21 I am of the view that the proceedings should not be stayed. It is accepted by ANI that I have a discretion which should be exercised having regard to the agreement of the parties, the nature of the dispute, and issues relevant to the resolution of that dispute. Although the parties contracted on the basis that disputes in relation to invoices would be adjudicated upon by an expert where, as in the present case, the transaction is challenged as a sham and questions may arise as to the integrity of the actions of officers of one party and of officers of a third party, in my opinion, the difficulties should be resolved in the court.

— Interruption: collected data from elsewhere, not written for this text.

lemma moment_mult_ffun:
  assumes s: "0 < s"
  shows "moment s * ffun M (s + 1) = 1"
proof -
  define h where "h z = moment_defect z / (7 * (z + 1))" for z
  have nz: "7 * (z + 1) \<noteq> 0" if "z \<in> right_half_plane" for z
    using that by (auto simp: right_half_plane_def complex_eq_iff)
  have "h holomorphic_on right_half_plane"
    unfolding h_def using moment_defect_holomorphic nz by (intro holomorphic_intros) auto
  moreover have "norm (h z) \<le> 1" if "z \<in> right_half_plane" for z
    using norm_moment_defect_le[OF that] nz[OF that]
    by (simp add: h_def norm_divide norm_mult divide_le_eq_1 del: distrib_left_numeral)
  moreover have "h (of_nat n) = 0" if "1 \<le> n" for n
    using moment_defect_nat[OF that] by (simp add: h_def)
  ultimately have "h (of_real s) = 0"
    using bounded_holomorphic_nat_zeros_imp_zero s by blast
  moreover have "of_real s \<in> right_half_plane"
    using s by (simp add: right_half_plane_def)
  ultimately have "moment_defect (of_real s) = 0"
    using nz by (simp add: h_def del: distrib_left_numeral)
  then have "complex_of_real (moment s * ffun M (s + 1) - 1) = 0"
    by (simp only: moment_defect_of_real)
  then show ?thesis
    by (simp only: of_real_eq_0_iff right_minus_eq)
qed

lemma ffun_add_1: "0 \<le> s \<Longrightarrow> ffun M (s + 1) = ffun M s + moment s"
proof -
  assume s: "0 \<le> s"
  have "AE t in M. kern (s + 1) t = kern s t + t powr s"
    using AE_unit_interval by eventually_elim (simp add: kern_add_1)
  then have "ffun M (s + 1) = (\<integral>t. kern s t + t powr s \<partial>M)"
    unfolding ffun_def by (rule integral_cong_AE[rotated 2]) measurable
  also have "\<dots> = ffun M s + moment s"
    unfolding ffun_def moment_def using integrable_kern[OF s] integrable_powr[OF s] by simp
  finally show ?thesis .
qed

lemma ffun_pos: "0 < s \<Longrightarrow> 0 < ffun M s"
proof -
  assume s: "0 < s"
  have pos: "AE t in M. 0 < kern s t"
    using AE_unit_interval by eventually_elim (use s in \<open>auto intro: kern_pos\<close>)
  then have nonneg: "AE t in M. 0 \<le> kern s t"
    by eventually_elim simp
  have "ffun M s \<noteq> 0"
  proof
    assume "ffun M s = 0"
    then have "AE t in M. kern s t = 0"
      unfolding ffun_def using integral_nonneg_eq_0_iff_AE[OF integrable_kern nonneg] s by simp
    with pos have "AE t in M. False"
      by eventually_elim simp
    then show False
      by simp
  qed
  moreover have "0 \<le> ffun M s"
    unfolding ffun_def using nonneg by (rule integral_nonneg_AE)
  ultimately show ?thesis
    by simp
qed

lemma ffun_one: "ffun M 1 = 1"
proof -
  have "AE t in M. kern 1 t = 1"
    using AE_unit_interval by eventually_elim (auto simp: kern_def)
  then have "ffun M 1 = (\<integral>t. 1 \<partial>M)"
    unfolding ffun_def by (rule integral_cong_AE[rotated 2]) measurable
  then show ?thesis
    by (simp add: prob_space)
qed

lemma ffun_functional_eq: "0 < s \<Longrightarrow> ffun M s = ffun M (s + 1) - 1 / ffun M (s + 1)"
  using moment_mult_ffun[of s] ffun_add_1[of s] ffun_pos[of "s + 1"] by (simp add: field_simps)

lemma concave_on_ffun: "concave_on {0<..} (ffun M)"
proof (rule concave_on_linorderI)
  fix u x y :: real
  assume u: "0 < u" "u < 1" and x: "x \<in> {0<..}" and y: "y \<in> {0<..}"
  have "(1 - u) * ffun M x + u * ffun M y = (\<integral>t. (1 - u) * kern x t + u * kern y t \<partial>M)"
    unfolding ffun_def using integrable_kern[of x] integrable_kern[of y] x y by simp
  also have "\<dots> \<le> (\<integral>t. kern ((1 - u) *\<^sub>R x + u *\<^sub>R y) t \<partial>M)"
  proof (rule integral_mono_AE)
    show "integrable M (\<lambda>t. (1 - u) * kern x t + u * kern y t)"
      using integrable_kern[of x] integrable_kern[of y] x y by simp
    show "integrable M (\<lambda>t. kern ((1 - u) *\<^sub>R x + u *\<^sub>R y) t)"
      using integrable_kern[of "(1 - u) * x + u * y"] u x y by simp
    show "AE t in M. (1 - u) * kern x t + u * kern y t \<le> kern ((1 - u) *\<^sub>R x + u *\<^sub>R y) t"
      using AE_unit_interval
    proof eventually_elim
      case (elim t)
      then show ?case
        using concave_onD[OF concave_on_kern[of t], of u x y] u by simp
    qed
  qed
  finally show "(1 - u) * ffun M x + u * ffun M y \<le> ffun M ((1 - u) *\<^sub>R x + u *\<^sub>R y)"
    by (simp add: ffun_def)
qed (simp add: convex_real_interval)

lemma convex_on_ln_inverse_ffun: "convex_on {0<..} (\<lambda>s. ln (1 / ffun M s))"
  using convex_on_ln_inverse[OF concave_on_ffun] ffun_pos by simp

end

Although the parties agreed that the relevant differences could be settled by an expert referee, and may possibly have contemplated that the integrity of officers of ANI may be in issue, I doubt whether it was contemplated that the expert would be asked to examine the integrity of the acts of third parties. In determining that the court process is the appropriate mechanism for resolution of the dispute, I am conscious of the fact that it is most likely that the efforts of the expert would not lead to any final disposition of the matter. Although the application of the definition of Trade Debts to the North Invoice will enable the categorisation of the invoice, the real issue raised by Bradken would remain unresolved.
22 I understand that there are other matters not the subject of these proceedings which are included in the Objection Notice, lodged by Bradken pursuant to the Deed. The parties intend that those matters should be resolved by the expert but the delay caused in resolving the issue in these proceedings may cause delay in adjusting the financial arrangements between them. It seems appropriate that the parties discuss a regime whereby all of their disputes, but for the current proceedings, may be resolved so that there may be an efficient resolution of the commercial situation.
23 For these reasons, I order that ANI’s motion be dismissed. The parties may address me in relation to costs.